Place the foam on top of the plywood and lay your batting over the foam. Trim the batting so that it overhangs the bottom of the plywood by a few inches on all four sides. You will want to do this step to make it easier to work with the batting before you start with the spray adhesive.

Step 3

Next, it’s time to attach all the pieces to make the DIY no-sew cushion. Start by laying the drop cloth to protect your workspace from the spray adhesive. Set the plywood down on the drop cloth and coat the entire surface of the plywood with spray adhesive. Position the foam on top of the plywood so that all the edges are lined up, then gently press the foam onto the plywood for about 30 seconds until the adhesive dries.

Step 4

The next step is to attach the batting.

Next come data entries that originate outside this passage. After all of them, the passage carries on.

lemma cone_K_boundary_step:
  fixes e x w :: "'a::real_inner"
  assumes \<alpha>: "0 < \<alpha>" and x: "x \<noteq> 0" "e \<bullet> x = \<alpha> * norm x"
    and w: "0 < (norm x *\<^sub>R e - \<alpha> *\<^sub>R x) \<bullet> w"
  shows "\<exists>t>0. x + t *\<^sub>R w \<in> cone_K e \<alpha>"
proof -
  define q where "q = (norm x *\<^sub>R e - \<alpha> *\<^sub>R x) \<bullet> w"
  define g where "g t = 2 * \<alpha> * q + t * ((e \<bullet> w)\<^sup>2 - \<alpha>\<^sup>2 * (norm w)\<^sup>2)" for t
  have sq: "(e \<bullet> (x + t *\<^sub>R w))\<^sup>2 - (\<alpha> * norm (x + t *\<^sub>R w))\<^sup>2 = t * g t" for t
    using x(2) power2_norm_eq_inner[of x, unfolded power2_eq_square]
    unfolding g_def q_def power_mult_distrib power2_norm_eq_inner
    by (simp add: inner_commute power2_eq_square algebra_simps)
  have "(g \<longlongrightarrow> 2 * \<alpha> * q) (at_right 0)"
    unfolding g_def by (auto intro!: tendsto_eq_intros)
  from order_tendstoD(1)[OF this, of 0] have "\<forall>\<^sub>F t in at_right 0. 0 < g t"
    using \<alpha> w q_def by simp
  moreover have "((\<lambda>t. e \<bullet> (x + t *\<^sub>R w)) \<longlongrightarrow> \<alpha> * norm x) (at_right 0)"
    using x(2) by (auto intro!: tendsto_eq_intros)
  from order_tendstoD(1)[OF this, of 0] have "\<forall>\<^sub>F t in at_right 0. 0 < e \<bullet> (x + t *\<^sub>R w)"
    using \<alpha> x(1) by simp
  ultimately obtain t where t: "0 < t" "0 < g t" "0 < e \<bullet> (x + t *\<^sub>R w)"
    by (rule eventually_at_right_0_obtain[OF eventually_conj]) auto
  then have "(\<alpha> * norm (x + t *\<^sub>R w))\<^sup>2 < (e \<bullet> (x + t *\<^sub>R w))\<^sup>2"
    using sq[of t] by (simp add: algebra_simps)
  then have "\<alpha> * norm (x + t *\<^sub>R w) < e \<bullet> (x + t *\<^sub>R w)"
    by (rule power_less_imp_less_base) (use t(3) in linarith)
  then show ?thesis using t(1) by (auto simp: cone_K_def)
qed

lemma nonneg_if_nonneg_perturbed:
  fixes a b :: real
  assumes "\<And>\<epsilon>. 0 < \<epsilon> \<Longrightarrow> 0 \<le> a + \<epsilon> * b"
  shows "0 \<le> a"
proof (rule tendsto_lowerbound)
  show "((\<lambda>\<epsilon>. a + \<epsilon> * b) \<longlongrightarrow> a) (at_right 0)"
    by (auto intro!: tendsto_eq_intros)
  show "\<forall>\<^sub>F \<epsilon> in at_right 0. 0 \<le> a + \<epsilon> * b"
    using assms by (auto simp: eventually_at_right_less intro: eventually_mono[OF eventually_at_right_less])
qed simp

lemma subspace_halfspace_multiplier:
  fixes s y u :: "'a::real_inner"
  assumes L: "subspace L" and u: "u \<in> L" "y \<bullet> u \<noteq> 0"
    and sign: "\<And>w. w \<in> L \<Longrightarrow> 0 < y \<bullet> w \<Longrightarrow> 0 \<le> s \<bullet> w"
  shows "\<exists>\<mu>\<ge>0. \<forall>v\<in>L. s \<bullet> v = \<mu> * (y \<bullet> v)"
proof -
  obtain p where p: "p \<in> L" "0 < y \<bullet> p"
  proof (cases "0 < y \<bullet> u")
    case False
    then show ?thesis using that[of "- u"] u L by (simp add: subspace_neg)
  qed (use u that in blast)
  define \<mu> where "\<mu> = (s \<bullet> p) / (y \<bullet> p)"
  have "0 \<le> \<mu>" using sign[OF p] p(2) by (simp add: \<mu>_def)
  moreover have "s \<bullet> v = \<mu> * (y \<bullet> v)" if v: "v \<in> L" for v
  proof -
    define v' where "v' = v - ((y \<bullet> v) / (y \<bullet> p)) *\<^sub>R p"
    have "y \<bullet> v' = 0" using p(2) by (simp add: v'_def inner_diff_right)
    have "0 \<le> \<sigma> * (s \<bullet> v')" for \<sigma>
    proof (rule nonneg_if_nonneg_perturbed)
      fix \<epsilon> :: real assume "0 < \<epsilon>"
      have "\<sigma> *\<^sub>R v' + \<epsilon> *\<^sub>R p \<in> L"
        using L v p(1) by (simp add: v'_def subspace_add subspace_diff subspace_scale)
      moreover have "0 < y \<bullet> (\<sigma> *\<^sub>R v' + \<epsilon> *\<^sub>R p)"
        using \<open>y \<bullet> v' = 0\<close> \<open>0 < \<epsilon>\<close> p(2) by (simp add: inner_add_right)
      ultimately show "0 \<le> \<sigma> * (s \<bullet> v') + \<epsilon> * (s \<bullet> p)"
        using sign by (fastforce simp: inner_add_right)
    qed
    from this[of 1] this[of "-1"] have "s \<bullet> v' = 0" by simp
    then show ?thesis using p(2) by (simp add: v'_def \<mu>_def inner_diff_right)
  qed
  ultimately show ?thesis by blast
qed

Batting helps minimize friction between the fabric and the foam, so you want the batting to be able to move a bit – but you can’t leave it totally unsecured or it will bunch up over time.

Lay the batting over the foam, then lift the batting up on one side and spray the side edge of the foam (the 3″ tall part) with spray adhesive. Gently press the batting against the side of the foam. Repeat for all four sides. For the corners, press the sides and smooth all the way to the corner, leaving the extra batting puckering out at the point.

Step 5

Trim the batting flush with the bottom of the plywood by running one blade of your scissors along the wood. When you get to the corners, pull the puckered corner batting straight out, away from the corner, then point your scissors straight down and cut off the excess, flush with the corner. Be sure to smooth the batting at the corners so you don’t end up with wrinkles.

Step 6

Now it’s time to upholster your cushion! Start by laying out your fabric on top of the cushion; line it up so that any patterns are straight and square to the cushion. Trim away the extra fabric, leaving 3″–5″ of fabric overhanging the bottom of the plywood on all four sides.

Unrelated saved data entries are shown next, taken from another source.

(* Let $G$ be a finite group, let $\pi$ be a set of primes, let $q\in\pi$ and let $Q$ be a Sylow $q$-subgroup of $G$. Let $\mathcal{S}_{q'}(G_\pi)$ denote the union of all conjugacy classes $g^G$ with $g$ a $\pi$-element of $G$ such that $|g^G|$ is not divisible by $q$. If $\mathbf{Z}(Q)\le\mathbf{Z}(G)$ and $C_G(Q)$ has a normal Hall $\pi$-subgroup, then $|\mathbf{Z}(G)|_q=|\mathcal{S}_{q'}(G_\pi)|_q$.
   Context: A $\pi$-element is an element whose order is divisible only by primes in $\pi$. For a positive integer $n$ and prime $q$, $n_q$ denotes the largest power of $q$ dividing $n$. $|g^G|=|G:C_G(g)|$ is the size of the conjugacy class of $g$. *)

theory Defs
  imports "HOL-Algebra.Algebra" "HOL-Computational_Algebra.Primes"
begin

definition q_part :: "nat \<Rightarrow> nat \<Rightarrow> nat" where
  "q_part q n = q ^ multiplicity q n"

definition centralizer :: "('a, 'b) monoid_scheme \<Rightarrow> 'a set \<Rightarrow> 'a set" where
  "centralizer G S = {g \<in> carrier G. \<forall>s\<in>S. g \<otimes>\<^bsub>G\<^esub> s = s \<otimes>\<^bsub>G\<^esub> g}"

definition center :: "('a, 'b) monoid_scheme \<Rightarrow> 'a set" where
  "center G = centralizer G (carrier G)"

definition conj_class :: "('a, 'b) monoid_scheme \<Rightarrow> 'a \<Rightarrow> 'a set" where
  "conj_class G g = {x \<otimes>\<^bsub>G\<^esub> g \<otimes>\<^bsub>G\<^esub> inv\<^bsub>G\<^esub> x | x. x \<in> carrier G}"

definition pi_number :: "nat set \<Rightarrow> nat \<Rightarrow> bool" where
  "pi_number \<pi> n \<longleftrightarrow> (\<forall>p. Factorial_Ring.prime p \<longrightarrow> p dvd n \<longrightarrow> p \<in> \<pi>)"

definition pi_element :: "('a, 'b) monoid_scheme \<Rightarrow> nat set \<Rightarrow> 'a \<Rightarrow> bool" where
  "pi_element G \<pi> g \<longleftrightarrow> g \<in> carrier G \<and> pi_number \<pi> (group.ord G g)"

definition sylow_subgroup :: "('a, 'b) monoid_scheme \<Rightarrow> nat \<Rightarrow> 'a set \<Rightarrow> bool" where
  "sylow_subgroup G q Q \<longleftrightarrow> subgroup Q G \<and> card Q = q_part q (order G)"

definition hall_subgroup :: "('a, 'b) monoid_scheme \<Rightarrow> nat set \<Rightarrow> 'a set \<Rightarrow> 'a set \<Rightarrow> bool" where
  "hall_subgroup G \<pi> K H \<longleftrightarrow> subgroup H G \<and> H \<subseteq> K \<and>
     pi_number \<pi> (card H) \<and> (\<forall>p\<in>\<pi>. \<not> p dvd (card K div card H))"

definition normal_in :: "('a, 'b) monoid_scheme \<Rightarrow> 'a set \<Rightarrow> 'a set \<Rightarrow> bool" where
  "normal_in G H K \<longleftrightarrow> H \<subseteq> K \<and> (\<forall>k\<in>K. \<forall>h\<in>H. k \<otimes>\<^bsub>G\<^esub> h \<otimes>\<^bsub>G\<^esub> inv\<^bsub>G\<^esub> k \<in> H)"

definition S_qprime_pi :: "('a, 'b) monoid_scheme \<Rightarrow> nat set \<Rightarrow> nat \<Rightarrow> 'a set" where
  "S_qprime_pi G \<pi> q = \<Union>{conj_class G g | g. pi_element G \<pi> g \<and> \<not> q dvd card (conj_class G g)}"

end

theory Submission
  imports Defs
begin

On a clean surface, carefully turn the entire cushion over, including the fabric, so that the bottom of the plywood is facing up, and the fabric is pretty-side down. Double-check that your fabric pattern is still square to the cushion before you start stapling!

Step 7

Starting in the middle of one straight edge, gently pull the fabric up and around to the back of the cushion and staple it to the plywood using your T50R.E.D. staple gun. Your staples should be 1″–2″ from the edge of the plywood – don’t worry if that leaves a bunch of loose fabric behind the staple, you can trim that off after you’re done stapling. Be sure to pull the fabric straight back (perpendicular to the edge of the plywood) so that you don’t end up with weird pulls or pleats in your fabric as you go.

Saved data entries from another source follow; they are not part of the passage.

(* Let $\kappa\ge3$ and $\lambda\ge0$ be integers with $\lambda\le\kappa-2$, and let $\mathcal{G}=((\gamma_i,\alpha_i,\beta_i))_{i=1}^{g+1}$ be a $(\kappa,\lambda)$-graphical sequence. For $1\le i\le g$ let $\mathfrak{R}_i=\alpha_i+2\sqrt{\beta_i\gamma_i}$. Then: (i) $\mathfrak{R}_i\ge\mathfrak{R}_1$ for all $1\le i\le g$, with equality if and only if $(\gamma_i,\alpha_i,\beta_i)\in\{(1,\lambda,\kappa-\lambda-1),(\kappa-\lambda-1,\lambda,1)\}$; (ii) for any $2\le i\le g$, if $\beta_i\ge\gamma_i$ then $\mathfrak{R}_{i-1}<\mathfrak{R}_i$; (iii) for any $2\le i\le g-1$, if $\beta_i\le\gamma_i$ then $\mathfrak{R}_{i+1}<\mathfrak{R}_i$. In particular, the sequence $(\mathfrak{R}_i)_{i=1}^g$ is unimodal, i.e. there is $1\le t\le g$ with $\mathfrak{R}_1\le\dots\le\mathfrak{R}_t$ and $\mathfrak{R}_t\ge\dots\ge\mathfrak{R}_g$.
   Context: For integers $\kappa\ge3$, $0\le\lambda\le\kappa-2$, let $V_{\kappa,\lambda}=\{(\gamma,\alpha,\beta)\in\mathbb{N}_0^3:\beta,\gamma\ge1,\ \gamma+\alpha+\beta=\kappa,\ \alpha\ge\max\{\lambda+1-\beta,\lambda+1-\gamma\}\}$. A $(\kappa,\lambda)$-graphical sequence is a sequence $\mathcal{G}=((\gamma_i,\alpha_i,\beta_i))_{i=1}^{g+1}$ of pairwise distinct elements of $\mathbb{N}_0^3$ such that: $(\gamma_i,\alpha_i,\beta_i)\in V_{\kappa,\lambda}$ for $1\le i\le g$; $(\gamma_1,\alpha_1,\beta_1)=(1,\lambda,\kappa-\lambda-1)$; $\beta_i\ge\beta_{i+1}$ for $1\le i\le g-1$ and $\gamma_i\le\gamma_{i+1}$ for $1\le i\le g$; $\beta_{g+1}=0$ and $\gamma_{g+1}+\alpha_{g+1}=\kappa$. *)

theory Defs
  imports Complex_Main
begin

definition V_set :: "nat \<Rightarrow> nat \<Rightarrow> (nat \<times> nat \<times> nat) set" where
  "V_set kap lam = {(gam, alp, bet). bet \<ge> 1 \<and> gam \<ge> 1 \<and> gam + alp + bet = kap \<and>
      int alp \<ge> max (int lam + 1 - int bet) (int lam + 1 - int gam)}"

definition graphical_seq :: "nat \<Rightarrow> nat \<Rightarrow> nat \<Rightarrow> (nat \<Rightarrow> nat \<times> nat \<times> nat) \<Rightarrow> bool" where
  "graphical_seq kap lam g x \<longleftrightarrow>
     inj_on x {1..g+1} \<and>
     (\<forall>i\<in>{1..g}. x i \<in> V_set kap lam) \<and>
     x 1 = (1, lam, kap - lam - 1) \<and>
     (\<forall>i. 1 \<le> i \<and> i \<le> g - 1 \<longrightarrow> snd (snd (x i)) \<ge> snd (snd (x (i+1)))) \<and>
     (\<forall>i. 1 \<le> i \<and> i \<le> g \<longrightarrow> fst (x i) \<le> fst (x (i+1))) \<and>
     snd (snd (x (g+1))) = 0 \<and> fst (x (g+1)) + fst (snd (x (g+1))) = kap"

definition Rfrak :: "(nat \<Rightarrow> nat \<times> nat \<times> nat) \<Rightarrow> nat \<Rightarrow> real" where
  "Rfrak x i = real (fst (snd (x i))) + 2 * sqrt (real (snd (snd (x i))) * real (fst (x i)))"

end

theory Submission
  imports Defs
begin

text \<open>Since \<open>\<gamma> + \<alpha> + \<beta> = \<kappa>\<close>, we have \<open>\<R> = \<kappa> - (\<surd>\<beta> - \<surd>\<gamma>)\<^sup>2\<close>, so every claim is a
  statement about the gap \<open>\<bar>\<surd>\<beta> - \<surd>\<gamma>\<bar>\<close>. Along a graphical sequence \<open>\<beta>\<close> decreases and \<open>\<gamma>\<close>
  increases, and consecutive terms differ, so the gap strictly shrinks while \<open>\<beta> \<ge> \<gamma>\<close> and
  strictly grows once \<open>\<beta> \<le> \<gamma>\<close>; the indices with \<open>\<beta> \<ge> \<gamma>\<close> form an initial segment, which
  gives unimodality. Both coordinates lie in \<open>[1, \<kappa> - \<lambda> - 1]\<close>, so the gap is largest
  exactly at the two extreme corners.\<close>

abbreviation gamma_of :: "(nat \<Rightarrow> nat \<times> nat \<times> nat) \<Rightarrow> nat \<Rightarrow> nat" where
  "gamma_of x i \<equiv> fst (x i)"

abbreviation alpha_of :: "(nat \<Rightarrow> nat \<times> nat \<times> nat) \<Rightarrow> nat \<Rightarrow> nat" where
  "alpha_of x i \<equiv> fst (snd (x i))"

abbreviation beta_of :: "(nat \<Rightarrow> nat \<times> nat \<times> nat) \<Rightarrow> nat \<Rightarrow> nat" where
  "beta_of x i \<equiv> snd (snd (x i))"

lemma plus_two_sqrt_eq_minus_sqrt_gap:
  assumes "c + a + b = (k::nat)"
  shows "real a + 2 * sqrt (real b * real c) = real k - (sqrt (real b) - sqrt (real c))\<^sup>2"
  using assms by (simp add: power2_diff real_sqrt_mult)

lemma sqrt_gap_le:
  fixes b c m :: nat
  assumes "1 \<le> b" "1 \<le> c" "b \<le> m" "c \<le> m"
  shows "(sqrt b - sqrt c)\<^sup>2 \<le> (sqrt m - 1)\<^sup>2"
    and "(sqrt b - sqrt c)\<^sup>2 = (sqrt m - 1)\<^sup>2 \<longleftrightarrow> (b = m \<and> c = 1) \<or> (b = 1 \<and> c = m)"
proof -
  have le_m: "sqrt b \<le> sqrt m" "sqrt c \<le> sqrt m" and ge_1: "1 \<le> sqrt b" "1 \<le> sqrt c"
    using assms by auto
  have abs_le: "\<bar>sqrt b - sqrt c\<bar> \<le> sqrt m - 1"
    using le_m ge_1 by linarith
  then show "(sqrt b - sqrt c)\<^sup>2 \<le> (sqrt m - 1)\<^sup>2"
    by (metis abs_ge_zero power2_abs power_mono)
  have "(sqrt b - sqrt c)\<^sup>2 = (sqrt m - 1)\<^sup>2 \<longleftrightarrow> \<bar>sqrt b - sqrt c\<bar> = sqrt m - 1"
    using abs_le by (metis abs_ge_zero order.trans power2_abs power2_eq_iff_nonneg)
  also have "\<dots> \<longleftrightarrow> (b = m \<and> c = 1) \<or> (b = 1 \<and> c = m)"
  proof
    assume gap: "\<bar>sqrt b - sqrt c\<bar> = sqrt m - 1"
    show "(b = m \<and> c = 1) \<or> (b = 1 \<and> c = m)"
    proof (cases "c \<le> b")
      case True
      then have "sqrt b - sqrt c = sqrt m - 1"
        using gap by simp
      then have "sqrt b = sqrt m" "sqrt c = 1"
        using le_m ge_1 by linarith+
      then show ?thesis by simp
    next
      case False
      then have "sqrt c - sqrt b = sqrt m - 1"
        using gap by simp
      then have "sqrt c = sqrt m" "sqrt b = 1"
        using le_m ge_1 by linarith+
      then show ?thesis by simp
    qed
  qed (use ge_1 le_m in auto)
  finally show "(sqrt b - sqrt c)\<^sup>2 = (sqrt m - 1)\<^sup>2 \<longleftrightarrow> (b = m \<and> c = 1) \<or> (b = 1 \<and> c = m)" .
qed

lemma sqrt_gap_less:
  fixes b b' c c' :: nat
  assumes "b \<le> b'" "c \<le> b" "c' \<le> c" "(b', c') \<noteq> (b, c)"
  shows "(sqrt b - sqrt c)\<^sup>2 < (sqrt b' - sqrt c')\<^sup>2"
proof -
  have "sqrt b \<le> sqrt b'" "sqrt c \<le> sqrt b" "sqrt c' \<le> sqrt c"
    using assms by auto
  moreover have "sqrt b < sqrt b' \<or> sqrt c' < sqrt c"
    using assms by auto
  ultimately have "0 \<le> sqrt b - sqrt c" "sqrt b - sqrt c < sqrt b' - sqrt c'"
    by linarith+
  then show ?thesis
    by (simp add: power_strict_mono)
qed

Continue to gently pull and staple the fabric around all four straight sides, stopping about 4″ from the corners to leave room for pleating them. Don’t be afraid to use a lot of staples! If there are large gaps between your staples, the fabric can pull and tear at those points when someone sits down on the cushion. If you hit a knot in the plywood or put a staple in the wrong spot, just use your Arrow staple puller to easily remove any bent or misplaced staples.

Step 8

To upholster the corners of your cushion, it helps to use a three-step process. First, pull the center of the fabric corner straight back and staple it once to hold it in place. Next, fold one side in to create a “wing,” like a present, and staple it once. Then fold the other side in a “wing” and staple it once to secure it. You’ll need to add more staples to really secure the corner, but first trim away excess fabric so that your corner lays as flat as possible.

Repeat for the remaining three corners. Then examine the top and bottom of your cushion to ensure that there aren’t any gaps in your fabric. If there are, add more staples.

Step 9

The last step is to attach your trim! Working in sections, use your TR550 all-purpose glue gun to run a small bead of hot glue around the very bottom of the sides of the cushion, then press your trim into the hot glue for a few seconds until dry.

Finished Product

What’s fun about this project is that you can always create more cushions to swap out every season: gingham for summer, plaid for the holidays – the possibilities are endless!